Die Initialsymptome nach Inhalation von Milzbrandsporen sind eher unspezifisch und ähneln einer Infektion der
oberen Luftwege. Innerhalb kurzer Zeit kommt es jedoch zu einer perakuten Krankheitsprogression, zu einer
Milzbrandbronchopneumonie mit Hämoptoe, hohem Fieber, Schüttelfrost und Schocksymptomatik. Die Patienten
versterben innerhalb von 3-5 Tagen.
Darmmilzbranderkrankungen sind sehr selten und schwer zu diagnostizieren, meist kommt es zu einem
gehäuften Auftreten innerhalb einer Familie.

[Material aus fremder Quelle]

lemma psd_diff_outer_prod:
  assumes P: "psd P" and z: "sesq_form P z z = 1"
  shows "psd (P - outer_prod (P *v z) (P *v z))"
proof (rule psdI)
  show "hermitian (P - outer_prod (P *v z) (P *v z))"
    using psdD(1)[OF P] by (simp add: hermitian_iff_entries hermitian_cnj_entry mult.commute)
  fix x
  have "sesq_form (P - outer_prod (P *v z) (P *v z)) x x
          = sesq_form P x x - of_real ((cmod (sesq_form P x z))^2)"
    unfolding sesq_form_diff sesq_form_outer_prod by (simp add: sesq_form_eq_cinner complex_norm_square del: of_real_power)
  moreover have "(cmod (sesq_form P x z))^2 \<le> Re (sesq_form P x x)"
    using psd_cauchy_schwarz[OF P, of x z] z by simp
  ultimately show "Im (sesq_form (P - outer_prod (P *v z) (P *v z)) x x) = 0"
    "0 \<le> Re (sesq_form (P - outer_prod (P *v z) (P *v z)) x x)"
    using psdD(2)[OF P, of x] by simp_all
qed

lemma psd_zero_diag:
  assumes Q: "psd Q" and "Q$k$k = 0"
  shows "Q$k$j = 0" "Q$j$k = 0"
proof -
  show "Q$k$j = 0"
    using psd_cauchy_schwarz[OF Q, of "axis k 1" "axis j 1"] \<open>Q$k$k = 0\<close>
    by (simp add: sesq_form_axis)
  then show "Q$j$k = 0"
    using hermitian_cnj_entry[OF psdD(1)[OF Q], of k j] by simp
qed

lemma psd_conj_mat: "psd A \<Longrightarrow> psd (conj_mat A)"
proof (rule psdI)
  assume A: "psd A"
  then show "hermitian (conj_mat A)"
    by (simp add: hermitian_iff_entries psdD(1)[THEN hermitian_cnj_entry])
  fix x
  have "sesq_form (conj_mat A) x x = cnj (sesq_form A (\<chi> i. cnj (x$i)) (\<chi> i. cnj (x$i)))"
    unfolding sesq_form_def by (simp add: cnj_sum)
  then show "Im (sesq_form (conj_mat A) x x) = 0" "0 \<le> Re (sesq_form (conj_mat A) x x)"
    using psdD(2,3)[OF A] by simp_all
qed

section \<open>Schur product theorem\<close>

lemma psd_hadamard_outer_prod:
  assumes P: "psd P"
  shows "psd (P \<circ>\<^sub>H outer_prod v v)"
proof (rule psdI)
  show "hermitian (P \<circ>\<^sub>H outer_prod v v)"
    using psdD(1)[OF P] by (simp add: hermitian_iff_entries hermitian_cnj_entry mult_ac)
  fix x
  have "sesq_form (P \<circ>\<^sub>H outer_prod v v) x x
          = sesq_form P (\<chi> j. cnj (v$j) * x$j) (\<chi> j. cnj (v$j) * x$j)"
    unfolding sesq_form_def by (simp add: mult_ac)
  then show "Im (sesq_form (P \<circ>\<^sub>H outer_prod v v) x x) = 0"
    "0 \<le> Re (sesq_form (P \<circ>\<^sub>H outer_prod v v) x x)"
    using psdD(2,3)[OF P] by simp_all
qed

lemma psd_diag_real_nonneg:
  assumes "psd Q"
  shows "Q$k$k = of_real (Re (Q$k$k))" "0 \<le> Re (Q$k$k)"
  using psdD(2,3)[OF assms, of "axis k 1"] by (simp_all add: sesq_form_axis complex_eq_iff)

lemma psd_eliminate_pivot:
  assumes Q: "psd Q" and pivot: "Q$k$k \<noteq> 0"
  obtains v where "psd (Q - outer_prod v v)"
    and "\<And>i j. (Q - outer_prod v v)$i$j = Q$i$j - Q$i$k * Q$k$j / Q$k$k"
proof -
  define r where "r = Re (Q$k$k)"
  have Qkk: "Q$k$k = of_real r" and "0 < r"
    using psd_diag_real_nonneg[OF Q, of k] pivot unfolding r_def by (auto simp: less_le)
  define c where "c = complex_of_real (1 / sqrt r)"
  have cc: "cnj c * c = 1 / Q$k$k"
    using \<open>0 < r\<close> unfolding c_def Qkk by (simp flip: of_real_mult)
  define v where "v = Q *v axis k c"
  have "sesq_form Q (axis k c) (axis k c) = cnj c * c * Q$k$k"
    by (simp add: sesq_form_axis mult_ac)
  then have "sesq_form Q (axis k c) (axis k c) = 1"
    using cc pivot by simp
  then have "psd (Q - outer_prod v v)"
    unfolding v_def by (rule psd_diff_outer_prod[OF Q])
  moreover have "(Q - outer_prod v v)$i$j = Q$i$j - (cnj c * c) * (Q$i$k * Q$k$j)" for i j
    using hermitian_cnj_entry[OF psdD(1)[OF Q], of j k]
    by (simp add: v_def matrix_vector_mult_axis mult_ac)
  ultimately show thesis using cc by (intro that) simp_all
qed

text \<open>Induction on the support of \<open>Q\<close>, peeling off one rank-one piece per nonzero pivot.\<close>
theorem psd_hadamard:
  assumes P: "psd P" and Q: "psd Q"
  shows "psd (P \<circ>\<^sub>H Q)"
proof -
  have "psd (P \<circ>\<^sub>H Q)" if "finite I" "psd Q" "\<forall>i j. Q$i$j \<noteq> 0 \<longrightarrow> i \<in> I \<and> j \<in> I" for I Q
    using that
  proof (induction I arbitrary: Q rule: finite_induct)
    case empty
    then have "P \<circ>\<^sub>H Q = 0" by (simp add: vec_eq_iff)
    then show ?case by simp
  next
    case (insert k I Q)
    show ?case
    proof (cases "Q$k$k = 0")
      case True
      then have "\<forall>i j. Q$i$j \<noteq> 0 \<longrightarrow> i \<in> I \<and> j \<in> I"
        using insert.prems psd_zero_diag[OF insert.prems(1) True] by blast
      then show ?thesis using insert.IH insert.prems(1) by blast
    next
      case False
      obtain v where Q': "psd (Q - outer_prod v v)"
        and entries: "\<And>i j. (Q - outer_prod v v)$i$j = Q$i$j - Q$i$k * Q$k$j / Q$k$k"
        using psd_eliminate_pivot[OF insert.prems(1) False] by blast
      have "i \<in> I \<and> j \<in> I" if "(Q - outer_prod v v)$i$j \<noteq> 0" for i j
      proof -
        have "i \<noteq> k" "j \<noteq> k" using that False unfolding entries by auto
        moreover have "Q$i$j \<noteq> 0 \<or> Q$i$k \<noteq> 0 \<and> Q$k$j \<noteq> 0"
          using that unfolding entries by auto
        ultimately show ?thesis using insert.prems(2) by blast
      qed
      then have "psd (P \<circ>\<^sub>H (Q - outer_prod v v))" using insert.IH Q' by blast
      moreover have "P \<circ>\<^sub>H Q = P \<circ>\<^sub>H (Q - outer_prod v v) + P \<circ>\<^sub>H outer_prod v v"
        unfolding hadamard_add_right[symmetric] by simp
      ultimately show ?thesis using psd_add psd_hadamard_outer_prod[OF P] by metis
    qed
  qed
  from this[of UNIV] show ?thesis using Q by simp
qed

Anfangs beklagen die Patienten Leibschmerzen und Meteorismus.
Innerhalb kurzer Zeit entwickeln sich blutige Durchfälle, Peritonitis und Schocksymptomatik. Die Prognose ist
schlecht, die Patienten versterben auch unter antibiotischer Therapie meist rasch.
Therapie:
Penicillin, Tetracyclin, Erythromycin, Chloramphenicol
Differentialdiagnose:
Hautmilzbrand:
Furunkulose
Lungenmilzbrand:
Pest, Tularämie
Darmmilzbrand:
Typhus, Mesenterialinfarkt

Prophylaxe, Immunität:
Isolierung von erkrankten Personen. Verdächtige Tiere müssen adäquat beseitigt werden. Bei beruflicher
Expositionsmöglichkeit (Metzger, woll- und lederverarbeitende Industrie u.ä.) müssen entsprechende
Schutzmaßnahmen (Handschuhe, Atemschutzmasken) eingehalten werden. Für Personen mit einem hohen
Ansteckungsrisiko besteht die Möglichkeit einer aktiven Impfung mit abgetöteten Erregern.
Gesetzliche Regelungen:
Eine Meldepflicht besteht bei Verdacht, Erkrankung und Tod.
Diagnostik:
Nachweis des Erregers im Abstrichpräparat der Hautläsion (Gramfärbung) oder in Speziallabors auch kulturell
(Hautläsion, Sputum, Stuhl, Blut). Cave: Aufgrund der Gefahr der Generalisierung sollten chirurgische
Manipulationen (Biopsien) bei V.a. Milzbrandkarbunkel unterbleiben. Entscheidend ist bei entsprechender Klinik
eine mögliche Exposition in der Anamnese. Serologische Untersuchungen spielen keine Rolle.